EXERCISE GOAL: What you need to produce from the material below is an exact transcription of the lines from the one with "u = h \<cdot>" through the one with "Mor C \<and>", both included, and no other line.

AVAILABLE DATA:
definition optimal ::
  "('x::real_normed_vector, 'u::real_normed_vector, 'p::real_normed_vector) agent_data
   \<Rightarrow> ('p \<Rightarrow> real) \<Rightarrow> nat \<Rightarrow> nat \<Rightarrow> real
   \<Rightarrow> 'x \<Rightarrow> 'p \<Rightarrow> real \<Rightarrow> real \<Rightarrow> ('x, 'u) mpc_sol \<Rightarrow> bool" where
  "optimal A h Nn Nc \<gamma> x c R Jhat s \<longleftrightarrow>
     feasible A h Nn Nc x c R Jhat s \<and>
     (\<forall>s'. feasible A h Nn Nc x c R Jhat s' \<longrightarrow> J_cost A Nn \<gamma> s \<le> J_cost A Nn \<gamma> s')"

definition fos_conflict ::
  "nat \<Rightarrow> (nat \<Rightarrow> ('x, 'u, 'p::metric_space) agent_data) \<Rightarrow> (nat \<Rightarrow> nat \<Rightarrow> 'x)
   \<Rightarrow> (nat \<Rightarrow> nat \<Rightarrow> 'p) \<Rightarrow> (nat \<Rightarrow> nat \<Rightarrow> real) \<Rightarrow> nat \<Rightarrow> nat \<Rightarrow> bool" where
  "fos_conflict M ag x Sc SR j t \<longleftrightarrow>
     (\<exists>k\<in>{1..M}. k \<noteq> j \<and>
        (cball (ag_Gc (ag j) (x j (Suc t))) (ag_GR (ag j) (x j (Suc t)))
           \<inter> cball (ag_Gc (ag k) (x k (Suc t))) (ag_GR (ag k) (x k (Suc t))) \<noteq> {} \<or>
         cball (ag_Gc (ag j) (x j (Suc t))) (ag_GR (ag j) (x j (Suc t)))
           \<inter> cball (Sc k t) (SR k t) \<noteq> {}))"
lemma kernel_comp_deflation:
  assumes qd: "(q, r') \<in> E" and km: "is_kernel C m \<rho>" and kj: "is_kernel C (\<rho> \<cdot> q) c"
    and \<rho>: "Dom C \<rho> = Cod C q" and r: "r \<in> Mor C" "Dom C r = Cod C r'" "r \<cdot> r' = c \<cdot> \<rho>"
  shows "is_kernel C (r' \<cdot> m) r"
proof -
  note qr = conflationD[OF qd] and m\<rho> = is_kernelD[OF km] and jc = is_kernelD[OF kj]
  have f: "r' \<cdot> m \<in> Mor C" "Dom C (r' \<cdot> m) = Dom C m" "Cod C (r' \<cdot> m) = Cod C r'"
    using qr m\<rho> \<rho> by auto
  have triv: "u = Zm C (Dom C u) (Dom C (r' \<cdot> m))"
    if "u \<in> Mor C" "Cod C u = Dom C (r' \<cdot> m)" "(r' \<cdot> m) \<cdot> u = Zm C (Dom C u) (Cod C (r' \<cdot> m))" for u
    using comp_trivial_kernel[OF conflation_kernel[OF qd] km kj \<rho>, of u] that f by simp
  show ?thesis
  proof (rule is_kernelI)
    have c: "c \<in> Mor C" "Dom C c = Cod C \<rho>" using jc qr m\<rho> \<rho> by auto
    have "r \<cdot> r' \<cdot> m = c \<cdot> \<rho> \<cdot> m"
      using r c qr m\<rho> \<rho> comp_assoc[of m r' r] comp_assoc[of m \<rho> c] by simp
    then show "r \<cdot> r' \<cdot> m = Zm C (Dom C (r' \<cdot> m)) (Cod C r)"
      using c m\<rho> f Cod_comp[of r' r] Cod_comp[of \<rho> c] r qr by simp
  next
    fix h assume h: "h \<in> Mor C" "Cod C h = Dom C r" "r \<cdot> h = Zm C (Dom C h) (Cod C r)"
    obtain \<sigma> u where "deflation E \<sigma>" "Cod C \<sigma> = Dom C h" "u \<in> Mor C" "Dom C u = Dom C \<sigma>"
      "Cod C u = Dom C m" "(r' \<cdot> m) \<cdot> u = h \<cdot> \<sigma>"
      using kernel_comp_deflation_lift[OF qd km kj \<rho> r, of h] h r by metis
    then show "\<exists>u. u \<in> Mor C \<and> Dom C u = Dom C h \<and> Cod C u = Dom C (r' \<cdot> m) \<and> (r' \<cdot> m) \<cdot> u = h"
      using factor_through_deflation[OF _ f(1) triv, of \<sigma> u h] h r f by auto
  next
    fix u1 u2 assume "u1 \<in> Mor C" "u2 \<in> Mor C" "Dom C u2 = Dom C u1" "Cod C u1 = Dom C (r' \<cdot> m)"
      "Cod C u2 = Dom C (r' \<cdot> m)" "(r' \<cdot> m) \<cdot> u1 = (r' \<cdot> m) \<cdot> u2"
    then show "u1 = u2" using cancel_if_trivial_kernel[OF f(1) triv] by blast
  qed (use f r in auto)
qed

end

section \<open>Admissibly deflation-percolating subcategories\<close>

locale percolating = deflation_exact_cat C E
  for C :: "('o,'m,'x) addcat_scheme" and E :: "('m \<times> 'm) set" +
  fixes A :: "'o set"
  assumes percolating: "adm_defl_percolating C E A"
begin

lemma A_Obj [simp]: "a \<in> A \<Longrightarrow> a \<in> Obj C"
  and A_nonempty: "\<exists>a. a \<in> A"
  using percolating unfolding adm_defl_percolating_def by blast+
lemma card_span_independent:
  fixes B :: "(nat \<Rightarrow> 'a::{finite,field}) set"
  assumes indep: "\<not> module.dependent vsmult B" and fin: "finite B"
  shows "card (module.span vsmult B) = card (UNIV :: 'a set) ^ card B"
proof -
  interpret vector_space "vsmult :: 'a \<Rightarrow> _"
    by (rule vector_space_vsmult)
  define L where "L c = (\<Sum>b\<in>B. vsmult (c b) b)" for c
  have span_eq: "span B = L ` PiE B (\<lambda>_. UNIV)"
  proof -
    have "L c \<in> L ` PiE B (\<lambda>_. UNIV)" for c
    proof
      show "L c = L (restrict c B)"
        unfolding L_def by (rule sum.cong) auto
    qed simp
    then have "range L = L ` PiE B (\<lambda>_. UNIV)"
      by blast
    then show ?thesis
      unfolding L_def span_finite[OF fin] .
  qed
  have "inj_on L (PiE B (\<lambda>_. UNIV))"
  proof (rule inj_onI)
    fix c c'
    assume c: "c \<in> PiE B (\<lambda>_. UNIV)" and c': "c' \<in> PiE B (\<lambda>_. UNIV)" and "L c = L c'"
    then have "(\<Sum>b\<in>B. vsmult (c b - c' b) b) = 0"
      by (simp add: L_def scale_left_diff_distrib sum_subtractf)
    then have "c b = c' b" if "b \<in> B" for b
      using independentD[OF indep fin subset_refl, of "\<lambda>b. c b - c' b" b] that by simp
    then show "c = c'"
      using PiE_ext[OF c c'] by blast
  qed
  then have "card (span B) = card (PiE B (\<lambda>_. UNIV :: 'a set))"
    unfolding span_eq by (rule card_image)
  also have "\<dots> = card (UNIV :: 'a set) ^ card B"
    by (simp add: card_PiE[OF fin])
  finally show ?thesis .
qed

EXERCISE OUTPUT:
      "Cod C u = Dom C m" "(r' \<cdot> m) \<cdot> u = h \<cdot> \<sigma>"
      using kernel_comp_deflation_lift[OF qd km kj \<rho> r, of h] h r by metis
    then show "\<exists>u. u \<in> Mor C \<and> Dom C u = Dom C h \<and> Cod C u = Dom C (r' \<cdot> m) \<and> (r' \<cdot> m) \<cdot> u = h"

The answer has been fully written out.